Russian film director (1938–2023)

Sulambek Mamilov (Russian: Суламбе́к Ахме́тович Мами́лов; 27 August 1938 – 13 January 2023) was a Soviet and Russian film director, screenwriter and actor.

== Biography ==
Mamilov was born on 27 August 1938 in Ordzhonikidze, present-day Vladikavkaz, Soviet Union.

In 1957–1959 he studied at the history department of the Grozny Pedagogical Institute, then transferred to the acting department of the Russian State Institute of Performing Arts, from which he graduated in 1962. After, Mamilov was an actor of the Kh. Nuradilov Grozny Drama Theater. In 1970, he graduated from High Courses for Scriptwriters and Film Directors (studied at the workshops of Marlen Khutsiev, Aleksandr Alov and Vladimir Naumov).

Mamilov died in Moscow on 12 January 2023, at the age of 84.

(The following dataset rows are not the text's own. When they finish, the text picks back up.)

(* Let $G$ be a finitely generated group which is not nilpotent. Then there exists $a\in G$ such that the normal subgroup of $G$ generated by $a$ is not nilpotent. *)

theory Defs
  imports "HOL-Algebra.Algebra"
begin

definition commutator_subgroup :: "('a, 'b) monoid_scheme \<Rightarrow> 'a set \<Rightarrow> 'a set \<Rightarrow> 'a set" where
  "commutator_subgroup G A B =
     generate G {a \<otimes>\<^bsub>G\<^esub> b \<otimes>\<^bsub>G\<^esub> inv\<^bsub>G\<^esub> a \<otimes>\<^bsub>G\<^esub> inv\<^bsub>G\<^esub> b | a b. a \<in> A \<and> b \<in> B}"

fun lower_central :: "('a, 'b) monoid_scheme \<Rightarrow> nat \<Rightarrow> 'a set" where
  "lower_central G 0 = carrier G"
| "lower_central G (Suc n) = commutator_subgroup G (carrier G) (lower_central G n)"

definition nilpotent_group :: "('a, 'b) monoid_scheme \<Rightarrow> bool" where
  "nilpotent_group G \<longleftrightarrow> group G \<and> (\<exists>n. lower_central G n = {\<one>\<^bsub>G\<^esub>})"

definition finitely_generated_group :: "('a, 'b) monoid_scheme \<Rightarrow> bool" where
  "finitely_generated_group G \<longleftrightarrow>
     (\<exists>S. finite S \<and> S \<subseteq> carrier G \<and> generate G S = carrier G)"

definition normal_closure :: "('a, 'b) monoid_scheme \<Rightarrow> 'a \<Rightarrow> 'a set" where
  "normal_closure G a = generate G {g \<otimes>\<^bsub>G\<^esub> a \<otimes>\<^bsub>G\<^esub> inv\<^bsub>G\<^esub> g | g. g \<in> carrier G}"

end

theory Submission
  imports Defs
begin

text \<open>
  Suppose every normal closure \<open>\<langle>a\<rangle>\<^sup>G\<close> is nilpotent and \<open>S\<close> is a finite generating set.
  Then \<open>G\<close> is generated by the finitely many normal nilpotent subgroups \<open>\<langle>s\<rangle>\<^sup>G\<close>, \<open>s \<in> S\<close>,
  so \<open>G\<close> is nilpotent by Fitting's theorem: if \<open>M\<close> and \<open>N\<close> are normal with
  \<open>\<gamma>\<^sub>c(M) = \<gamma>\<^sub>d(N) = 1\<close>, then \<open>\<gamma>\<^sub>c\<^sub>+\<^sub>d(MN) = 1\<close>, where the lower central series of a
  subgroup is formed with commutators taken in \<open>G\<close>.

  For Fitting's theorem, say that an element has weight at least \<open>i + 1\<close> in \<open>M\<close> if it lies in
  \<open>\<gamma>\<^sub>i(M)\<close> (every element has weight at least \<open>0\<close>), and likewise for \<open>N\<close>. A commutator
  with an element of \<open>M \<union> N\<close> raises the total weight by one, and since the elements of total
  weight at least \<open>k\<close> generate a normal subgroup, \<open>\<gamma>\<^sub>k(MN)\<close> lies in the subgroup generated by
  the elements of total weight at least \<open>k + 1\<close>. An element of total weight \<open>c + d + 1\<close> has
  weight above \<open>c\<close> in \<open>M\<close> or above \<open>d\<close> in \<open>N\<close>, hence is trivial.
\<close>

section \<open>Commutators\<close>

definition commutator :: "('a, 'b) monoid_scheme \<Rightarrow> 'a \<Rightarrow> 'a \<Rightarrow> 'a" where
  "commutator G x y = x \<otimes>\<^bsub>G\<^esub> y \<otimes>\<^bsub>G\<^esub> inv\<^bsub>G\<^esub> x \<otimes>\<^bsub>G\<^esub> inv\<^bsub>G\<^esub> y"

lemma commutator_subgroup_eq:
  "commutator_subgroup G A B = generate G {commutator G a b | a b. a \<in> A \<and> b \<in> B}"
  unfolding commutator_subgroup_def commutator_def by simp

lemma normal_subset_carrier: "H \<lhd> G \<Longrightarrow> H \<subseteq> carrier G"
  using normal_imp_subgroup subgroup.subset by blast

context group
begin

lemma inv_m_cancel_left: "x \<in> carrier G \<Longrightarrow> z \<in> carrier G \<Longrightarrow> inv x \<otimes> (x \<otimes> z) = z"
  by (simp add: m_assoc[symmetric])

lemma m_inv_cancel_left: "x \<in> carrier G \<Longrightarrow> z \<in> carrier G \<Longrightarrow> x \<otimes> (inv x \<otimes> z) = z"
  by (simp add: m_assoc[symmetric])

lemmas group_normalize = m_assoc inv_mult_group inv_m_cancel_left m_inv_cancel_left

lemma commutator_closed [simp]:
  "x \<in> carrier G \<Longrightarrow> y \<in> carrier G \<Longrightarrow> commutator G x y \<in> carrier G"
  by (simp add: commutator_def)

lemma inv_commutator:
  "x \<in> carrier G \<Longrightarrow> y \<in> carrier G \<Longrightarrow> inv (commutator G x y) = commutator G y x"
  by (simp add: commutator_def group_normalize)

lemma commutator_one_left [simp]: "y \<in> carrier G \<Longrightarrow> commutator G \<one> y = \<one>"
  by (simp add: commutator_def)

lemma commutator_mult_left:
  "\<lbrakk>x1 \<in> carrier G; x2 \<in> carrier G; y \<in> carrier G\<rbrakk> \<Longrightarrow>
    commutator G (x1 \<otimes> x2) y = x1 \<otimes> commutator G x2 y \<otimes> inv x1 \<otimes> commutator G x1 y"
  by (simp add: commutator_def group_normalize)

== Selected filmography ==
=== Actor ===
- Hero of Our Time (Герой нашего времени, 1966)

=== Film director ===
- Ladies' Tango (Дамское танго, 1983)
- Day of Wrath (День гнева, 1985)
- Children of the Storm (Ночевала тучка золотая..., 1990)
- The Murder at Zhdanovskaya (Убийство на «Ждановской», 1992)

== External references ==
- Биография на сайте гильдии Кинорежиссёров России.
- Мамилов Суламбек Ахметович.
- Интервью С.А. Мамилова порталу "Это Кавказ"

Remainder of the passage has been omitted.